PDW, a Huntsville, AL-based developer of modular small unmanned aircraft systems (sUAS) for tactical military operations, has raised $110M in Series B funding. The round includes a $35M tranche from Ondas Holdings at a $1.2B valuation. PDW's flagship C100 quadcopter delivers reconnaissance, targeting, kinetic strike, and communications relay with 74+ minutes endurance, 9lb payload, and modular payloads like EO/IR and laser designators. The capital will expand product offerings, strengthen engineering, and scale production at its Huntsville factory.
Army sUAS Contracts Surge
PDW's raise times with heightened DoD demand for attritable drones, as Skydio recently won a $52M Army contract for 2,500 X10D units. PDW itself secured a $20.9M Army contract under the Transformation in Contact (TiC) initiative for C100 UAS and payloads. Competitors like Anduril ($6B+ raised) and Shield AI ($1.1B+ raised) also vie for these programs. PDW differentiates via rucksackable modularity and rapid US manufacturing.
Ukraine Lessons Drive Attritable Shift
Modern conflicts like Ukraine highlight needs for cheap, mass-producible drones over expensive missiles. DoD initiatives like Replicator and Drone Dominance push for thousands of attritable sUAS. Legacy systems fail frontline units needing organic, deployable air support in contested environments. PDW addresses this with NDAA-compliant, Blue UAS certified platforms supporting TiC for tactical units.
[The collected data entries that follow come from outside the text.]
lemma lex_less_Cons_same:
  "lex_less ord (x # p) (x # q) \<longleftrightarrow>
     lex_less ord p q \<or> (\<exists>a b p' q'. p = a # p' \<and> q = b # q' \<and> a \<noteq> b \<and> ord x a b)"
  (is "?lhs \<longleftrightarrow> ?rec \<or> ?split")
proof
  assume ?lhs
  then consider (prefix) r where "r \<noteq> []" "q = p @ r"
    | (diverge) z a b s t where "x # p = z @ a # s" "x # q = z @ b # t" "z \<noteq> []" "a \<noteq> b"
        "ord (last z) a b"
    unfolding lex_less_def by auto
  then show "?rec \<or> ?split"
  proof cases
    case diverge
    then obtain z' where "z = x # z'" by (cases z) auto
    with diverge show ?thesis
      by (cases "z' = []") (auto simp: lex_less_def)
  qed (simp add: lex_less_def)
next
  assume "?rec \<or> ?split"
  then show ?lhs
  proof
    assume ?rec
    then show ?lhs
      unfolding lex_less_def by (auto 0 3 intro: exI[of _ "x # z" for z])
  next
    assume ?split
    then show ?lhs
      using lex_less_divergeI[of "[x]" _ _ ord] by auto
  qed
qed

lemma lex_less_trans:
  assumes trans: "\<And>u a b c. ord u a b \<Longrightarrow> ord u b c \<Longrightarrow> ord u a c"
    and irrefl: "\<And>u a. \<not> ord u a a"
  shows "lex_less ord p q \<Longrightarrow> lex_less ord q r \<Longrightarrow> lex_less ord p r"
proof (induction p arbitrary: q r)
  case Nil
  then show ?case by (cases r) auto
next
  case (Cons x p)
  obtain q' r' where qr: "q = x # q'" "r = x # r'"
    using Cons.prems lex_less_Cons_Cons_eq by (metis neq_Nil_conv not_lex_less_Nil)
  let ?split = "\<lambda>p q. \<exists>a b p' q'. p = a # p' \<and> q = b # q' \<and> a \<noteq> b \<and> ord x a b"
  have "lex_less ord p q' \<or> ?split p q'" and "lex_less ord q' r' \<or> ?split q' r'"
    using Cons.prems unfolding qr lex_less_Cons_same by blast+
  then have "lex_less ord p r' \<or> ?split p r'"
  proof (elim disjE)
    assume "lex_less ord p q'" "lex_less ord q' r'"
    then show ?thesis using Cons.IH by blast
  next
    assume "lex_less ord p q'" "?split q' r'"
    then show ?thesis
      by (cases p) (auto dest: lex_less_Cons_Cons_eq)
  next
    assume "?split p q'" "lex_less ord q' r'"
    then show ?thesis
      by (cases r') (auto dest: lex_less_Cons_Cons_eq)
  next
    assume "?split p q'" "?split q' r'"
    then show ?thesis
      using trans irrefl by (metis list.inject)
  qed
  then show ?case
    unfolding qr lex_less_Cons_same .
qed

lemma lex_less_total:
  assumes total: "\<And>u a b. E u a \<Longrightarrow> E u b \<Longrightarrow> a \<noteq> b \<Longrightarrow> ord u a b \<or> ord u b a"
  shows "is_path E p \<Longrightarrow> is_path E q \<Longrightarrow> hd p = hd q \<Longrightarrow> p \<noteq> q \<Longrightarrow>
    lex_less ord p q \<or> lex_less ord q p"
proof (induction p arbitrary: q)
  case (Cons x p)
  then obtain q' where q: "q = x # q'"
    by (cases q) (auto simp: is_path_iff_successively)
  show ?case
  proof (cases "p = [] \<or> q' = []")
    case True
    then show ?thesis
      using Cons.prems q by (auto simp: lex_less_Cons_same)
  next
    case False
    then obtain a b p' q'' where ab: "p = a # p'" "q' = b # q''"
      by (auto simp: neq_Nil_conv)
    show ?thesis
    proof (cases "a = b")
      case True
      then have "lex_less ord p q' \<or> lex_less ord q' p"
        using Cons.IH[of q'] Cons.prems ab q by (auto simp: is_path_iff_successively)
      then show ?thesis
        unfolding q lex_less_Cons_same by blast
    next
      case False
      moreover have "E x a" "E x b"
        using Cons.prems ab q by (auto simp: is_path_iff_successively)
      ultimately show ?thesis
        using total[of x a b] ab unfolding q lex_less_Cons_same by blast
    qed
  qed
qed (simp add: is_path_iff_successively)

lemma lex_less_snoc:
  "lex_less ord p q \<Longrightarrow> \<not> prefix p q \<Longrightarrow> lex_less ord (p @ [x]) q"
  unfolding lex_less_def prefix_def by fastforce

lemma lex_less_restrict_iff:
  assumes "is_path G p" and "is_path G q"
  shows "lex_less (\<lambda>u a b. G u a \<and> G u b \<and> ord u a b) p q \<longleftrightarrow> lex_less ord p q"
  using assms is_path_last_edge[of G] unfolding lex_less_def by blast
C100 Enables Multi-Mission Flexibility
PDW's C100 supports EO/IR ISR, laser designation, SIGINT, and strike via modular payloads, with PDW CORE ground station for ATAK integration and PDW SIM for training. Unlike Skydio's AI autonomy focus or Anduril's broader ecosystem, PDW emphasizes hardware-software stack with 50,000+ flight hours and world-record endurance. Recent tests showed 11 GPS-free autonomous flights over 114 missions.
As Army Brig. Gen. Travis McIntosh noted:
"Drones are reshaping the geometry of the battlefield in real time and we must adjust."
Investors Back DoD-Aligned Scale
The Series B drew Ondas Holdings, Hood River Capital, Cedar Pine, Hanwha Asset Management, Booz Allen Hamilton, Lux Capital, and RSE Ventures. Ondas' investment signals conviction in drone production ramp, lifting its own revenue targets amid backlogs. RSE Ventures, co-founded by board member Matt Higgins, bridges commercial scaling to defense. This mix validates PDW's trajectory from drone racing roots to DoD supplier.
Military Drone Market Expands Rapidly
The global military drone market stands at $20.7B in 2026, projected to reach $39.4B by 2031 at 13.8% CAGR. Trends favor AI autonomy, swarming, and US manufacturing amid geopolitical tensions. PDW's positioning in Army TiC and Air Force contracts, plus UK MOD demos, captures this shift. AeroVironment, with its public status and $10B market cap, represents legacy players PDW challenges via agility.
Veteran-Led Team Drives Innovation
Co-founder Ryan Gury, ex-CTO of Drone Racing League, brings patents in drone autonomy and holds a Guinness record for fastest RC quadcopter. Leadership features 60%+ military veterans with 8,890+ deployments. Recent hires include CEO James Slider from operations, CFO Alok Gupta with defense experience, and SVP Graham Kessler ex-US Navy. This blend evolved racing tech into battlefield-proven sUAS.
Factory Ramp Targets Mass Production
PDW opened 90,000 sq ft Drone Factory 01 for millions of units yearly, with 200+ employees. Plans include new attritable multirotors, range extensions to 20km BVLOS, and international partnerships like Edgar Brothers for UK. Backed by $110M total, PDW eyes Army's potential move to mid-range reconnaissance and further TiC awards.